When is his contract extension up?


----------



## debarge (Nov 13, 2005)

HayesFan said:


> When is his contract extension up?


Not til the 2008-09 season? That was just crazy to me, after that defeat by DAL in the playoffs? :dead: I really don't know what Les was thinking, to me w/ any coach you wait til the year the deal will be done, then let the guy show you he's a winner of some kind. To me Les rewarded our failure in the playoffs by extending JVG one more year? 3 years w/ good talent is long enough to decide if the dude is right for your franchise.
To me Paul Silas got a raw deal in CLE, one year w/ Lebron and he's gone...
Carlisle put together that DET team, and got them to 50wins, they fired him?
Rudy had one bad year wh/ in essence landed us Yao, they canned him? He deserved better 2 rings, nuff said.
IMO Jeff has always been highly overrated, even more so when he coached the Knicks, ie Pat Riley's Knicks. He just took over after Pat left that's all... he had Ewing, Spre, Allan Houston, Larry Johnson, Charlie Ward, Charles Oakley, Ch Smith, Anthony Mason, got dang??? I could take that team to the finals... are any of our role players as good as those guys, outside of Rafer, nope they're not...  
He couldn't do anything w/ Rudy's roc's then put together his 'own guys' and can't do anything w/ them at all? I'm pretty much done w/ him as far as believing we will do any serious contending w/ him as our leader on the sidelines. I just don't see it. In bball, to me that's the dif in teams who win big and contend, and those who have 'alright teams' w/ great stars. That's what we are when healthy; an alright TEAM w/ great Stars? No chance of winning the big dance though, cuz the well rounded team can just outplay you at your other positions. Just my opinion though guys, don't shoot me...
I have no real faith that the org will make any moves in the offseason to get us into prominance? They stupidly believe that Yao/Mac are all you need and you can just put total scrubs around them? No, MJ and Pip needed Rodman/Paxson/Kerr/Kukoch/H.Grant around them to win. We need dudes like that, JHo and Stro ain't gonna get it. DWes/Head ain't gonna get it done in the Western Conf either frankly. You've got to get some real players in here soon, or you'll miss your prime chance. Look at the IND Colts, they're not title contenders anymore w/o Edgerrin James, they'll be good but not champs. This is not a slam on our role guys, but they've shown they can't take it to the next level, and when you want a TITLE you have a window, you've got to make the push while the window is open wide, not while its closing. Tracy and Yao may only have this MVP type play for maybe two or three years? You need to put the right team out there now, not when Tmac's ailing, it'll be too late then?


----------



## 23 (Apr 23, 2005)

Call it ironic, the guys who do go all out for the team gets criticized day in and out, even in wins, and yet



JVG FINDS TIME TO ALWAYS PRAISE THE SCRUB OF SCRUBS RYAN BOWEN. Its Pathetic.


----------



## Demiloy (Nov 4, 2005)

http://www.knickerblogger.net/stats/2006/jh_ALL_PER.htm

This is the updated PER stats. Now, if you scroll down to the veeeeery bottom, you'll see who the guy with the worst PER is.


----------



## HayesFan (Feb 16, 2006)

Demiloy said:


> http://www.knickerblogger.net/stats/2006/jh_ALL_PER.htm
> 
> This is the updated PER stats. Now, if you scroll down to the veeeeery bottom, you'll see who the guy with the worst PER is.

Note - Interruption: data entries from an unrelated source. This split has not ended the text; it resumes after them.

lemma far_starting_points:
  assumes eps: "\<epsilon> > 0" "\<epsilon> \<le> 1" and r: "r \<ge> 0" and n: "100 \<le> n"
  shows "measure_pmf.prob (meg_pmf n \<epsilon> r m)
           {\<omega>. \<exists>a<n. \<exists>b<n. sqrt (real n) / 6 \<le> dist (\<omega> b ! 0) (\<omega> a ! 0)} \<ge> 1 - 2 * (8/9)^n"
proof -
  let ?M = "meg_pmf n \<epsilon> r m"
  let ?E = "{\<omega>. \<exists>a<n. \<exists>b<n. sqrt (real n) / 6 \<le> dist (\<omega> b ! 0) (\<omega> a ! 0)}"
  let ?none = "\<lambda>S. {\<omega>. \<forall>i<n. \<omega> i ! 0 \<notin> S}"
  have none: "measure_pmf.prob ?M (?none S) \<le> (8/9)^n"
    if "measure_pmf.prob (stat_pi n \<epsilon> r) S \<ge> 1/9" for S
    unfolding prob_no_start_in[OF eps(1) r]
    using that measure_pmf.prob_le_1 by (intro power_mono) auto
  have "UNIV - ?E \<subseteq> ?none (left_third n \<epsilon>) \<union> ?none (right_third n \<epsilon>)"
    using thirds_far_apart[OF eps n] by blast
  then have "measure_pmf.prob ?M (UNIV - ?E) \<le>
      measure_pmf.prob ?M (?none (left_third n \<epsilon>) \<union> ?none (right_third n \<epsilon>))"
    by (rule measure_pmf.finite_measure_mono) simp
  also have "\<dots> \<le>
      measure_pmf.prob ?M (?none (left_third n \<epsilon>)) + measure_pmf.prob ?M (?none (right_third n \<epsilon>))"
    by (rule measure_Un_le) simp_all
  also have "\<dots> \<le> 2 * (8/9)^n"
    using none[OF left_third_mass[OF eps(1) r]] none[OF right_third_mass[OF eps(1) r]] by simp
  finally show ?thesis using measure_pmf.prob_compl[of ?E ?M] by simp
qed

section \<open>Deterministic speed bound for flooding\<close>

lemma flood_set_subset: "flood_set n R pos s t \<subseteq> insert s {..<n}"
  by (induction t) auto

context
  fixes n :: nat and r R :: real and pos :: "nat \<Rightarrow> nat \<Rightarrow> point"
  assumes moves: "\<And>i t. i < n \<Longrightarrow> dist (pos i (Suc t)) (pos i t) \<le> r"
    and r: "r \<ge> 0" and R: "R \<ge> 0"
begin

lemma displacement_le:
  assumes "i < n" shows "dist (pos i t) (pos i 0) \<le> real t * r"
proof (induction t)
  case (Suc t)
  have "dist (pos i (Suc t)) (pos i 0) \<le> dist (pos i (Suc t)) (pos i t) + dist (pos i t) (pos i 0)"
    by (rule dist_triangle)
  also have "\<dots> \<le> r + real t * r" using moves[OF assms] Suc by (rule add_mono)
  finally show ?case by (simp add: algebra_simps)
qed simp

text \<open>After \<open>t\<close> steps every informed node is within \<open>t (R + r)\<close> of the source's
  starting point: in one step a node can be reached over one edge (length \<open>\<le> R\<close>)
  and then move (by \<open>\<le> r\<close>).\<close>
lemma informed_within:
  assumes s: "s < n" and j: "j \<in> flood_set n R pos s t"
  shows "dist (pos j t) (pos s 0) \<le> real t * (R + r)"
  using j
proof (induction t arbitrary: j)
  case (Suc t)
  have "j < n" using flood_set_subset Suc.prems s by fastforce
  then have step: "dist (pos j (Suc t)) (pos j t) \<le> r" by (rule moves)
  have "dist (pos j t) (pos s 0) \<le> R + real t * (R + r)"
  proof (cases "j \<in> flood_set n R pos s t")
    case True
    then show ?thesis using Suc.IH R by fastforce
  next
    case False
    then obtain i where i: "i \<in> flood_set n R pos s t" "dist (pos i t) (pos j t) \<le> R"
      using Suc.prems by (auto simp: adj_def edist_eq_dist)
    have "dist (pos j t) (pos s 0) \<le> dist (pos i t) (pos j t) + dist (pos i t) (pos s 0)"
      by (rule dist_triangle3)
    then show ?thesis using i Suc.IH[OF i(1)] by linarith
  qed
  moreover have "dist (pos j (Suc t)) (pos s 0) \<le> dist (pos j (Suc t)) (pos j t) + dist (pos j t) (pos s 0)"
    by (rule dist_triangle)
  ultimately show ?case using step by (simp add: algebra_simps)
qed simp

lemma flooding_time_ge:
  assumes a: "a < n" and b: "b < n" and Rr: "R + r > 0"
    and D: "D \<le> dist (pos b 0) (pos a 0)"
  shows "ereal (D / (2 * (R + r))) \<le> ereal_of_enat (flooding_time n R pos)"
proof -
  have done_late: "D / (2 * (R + r)) \<le> real t" if "flood_set n R pos a t = {..<n}" for t
  proof -
    have "dist (pos b 0) (pos a 0) \<le> dist (pos b t) (pos b 0) + dist (pos b t) (pos a 0)"
      by (rule dist_triangle3)
    also have "\<dots> \<le> real t * r + real t * (R + r)"
      using displacement_le[OF b] informed_within[OF a, of b t] that b by (intro add_mono) auto
    also have "\<dots> \<le> 2 * real t * (R + r)" using R by (simp add: algebra_simps)
    finally show ?thesis using D Rr by (simp add: field_simps)
  qed
  have "ereal (D / (2 * (R + r))) \<le> ereal_of_enat (flood_time_from n R pos a)"
    unfolding flood_time_from_def
    using LeastI_ex[of "\<lambda>t. flood_set n R pos a t = {..<n}"] done_late by auto
  also have "\<dots> \<le> ereal_of_enat (flooding_time n R pos)"
    unfolding flooding_time_def ereal_of_enat_le_iff using a by (intro SUP_upper) auto
  finally show ?thesis .
qed

end

lemma flooding_slow_whp:
  assumes eps: "\<epsilon> > 0" "\<epsilon> \<le> 1" and r: "r \<ge> 0" and R: "R \<ge> 0" "R + r > 0" and n: "100 \<le> n"
  shows "measure_pmf.prob (meg_pmf n \<epsilon> r m)
           {\<omega>. ereal (sqrt (real n) / (12 * (R + r))) \<le> ereal_of_enat (flooding_time n R (positions m \<omega>))}
         \<ge> 1 - 2 * (8/9)^n"
proof -
  let ?M = "meg_pmf n \<epsilon> r m"
  let ?E = "{\<omega>. \<exists>a<n. \<exists>b<n. sqrt (real n) / 6 \<le> dist (\<omega> b ! 0) (\<omega> a ! 0)}"
  let ?G = "{\<omega>. ereal (sqrt (real n) / (12 * (R + r))) \<le> ereal_of_enat (flooding_time n R (positions m \<omega>))}"
  have "?E \<inter> set_pmf ?M \<subseteq> ?G"
  proof
    fix \<omega> assume \<omega>: "\<omega> \<in> ?E \<inter> set_pmf ?M"
    then obtain a b where ab: "a < n" "b < n" "sqrt (real n) / 6 \<le> dist (\<omega> b ! 0) (\<omega> a ! 0)"
      by blast
    have moves: "\<And>i t. i < n \<Longrightarrow> dist (positions m \<omega> i (Suc t)) (positions m \<omega> i t) \<le> r"
      using meg_positions_step[OF eps(1) r] \<omega> by blast
    have "sqrt (real n) / 6 \<le> dist (positions m \<omega> b 0) (positions m \<omega> a 0)"
      using ab(3) by (simp add: positions_def)
    from flooding_time_ge[OF moves r R(1) ab(1,2) R(2) this]
    show "\<omega> \<in> ?G" by simp
  qed
  then have "measure_pmf.prob ?M (?E \<inter> set_pmf ?M) \<le> measure_pmf.prob ?M ?G"
    by (rule measure_pmf.finite_measure_mono) simp
  then have "measure_pmf.prob ?M ?E \<le> measure_pmf.prob ?M ?G"
    by (simp add: measure_Int_set_pmf)
  with far_starting_points[OF eps r n, of m] show ?thesis by linarith
qed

that's not for all active players is it?? Unreal!

edit: Okay I am confused.. how come not all the players are on that list?


----------



## marketgod (Mar 14, 2006)

Im sure Yao is used to being yelled at... from a authoratative...figure so I doubt that bothers him...

but I can guarantee that not every player reacts in the same way...

some you need to coddle... like a Stromile Swift...


----------



## Yao Mania (Aug 4, 2003)

Demiloy said:


> http://www.knickerblogger.net/stats/2006/jh_ALL_PER.htm
> 
> This is the updated PER stats. Now, if you scroll down to the veeeeery bottom, you'll see who the guy with the worst PER is.


According to Gumby, what Bowen brings to the table can't been seen from him stats. If they can measure a player's energy level on the court Bowen would be on top of the ranks, along with Mark Madsen.


----------



## HayesFan (Feb 16, 2006)

Yao Mania said:


> According to Gumby, what Bowen brings to the table can't been seen from him stats. If they can measure a player's energy level on the court Bowen would be on top of the ranks, along with Mark Madsen.



That's fine if what he does is hustle, but if you hustle then you are going to get steals or blocks or rebounds or something that a person can record... there has to be some sort of visible advantage to giving him minutes.

I agree that some players are more modivational than stat makers, but you have to draw the line when every time a guy enters the game your team loses momentum in the points column.


----------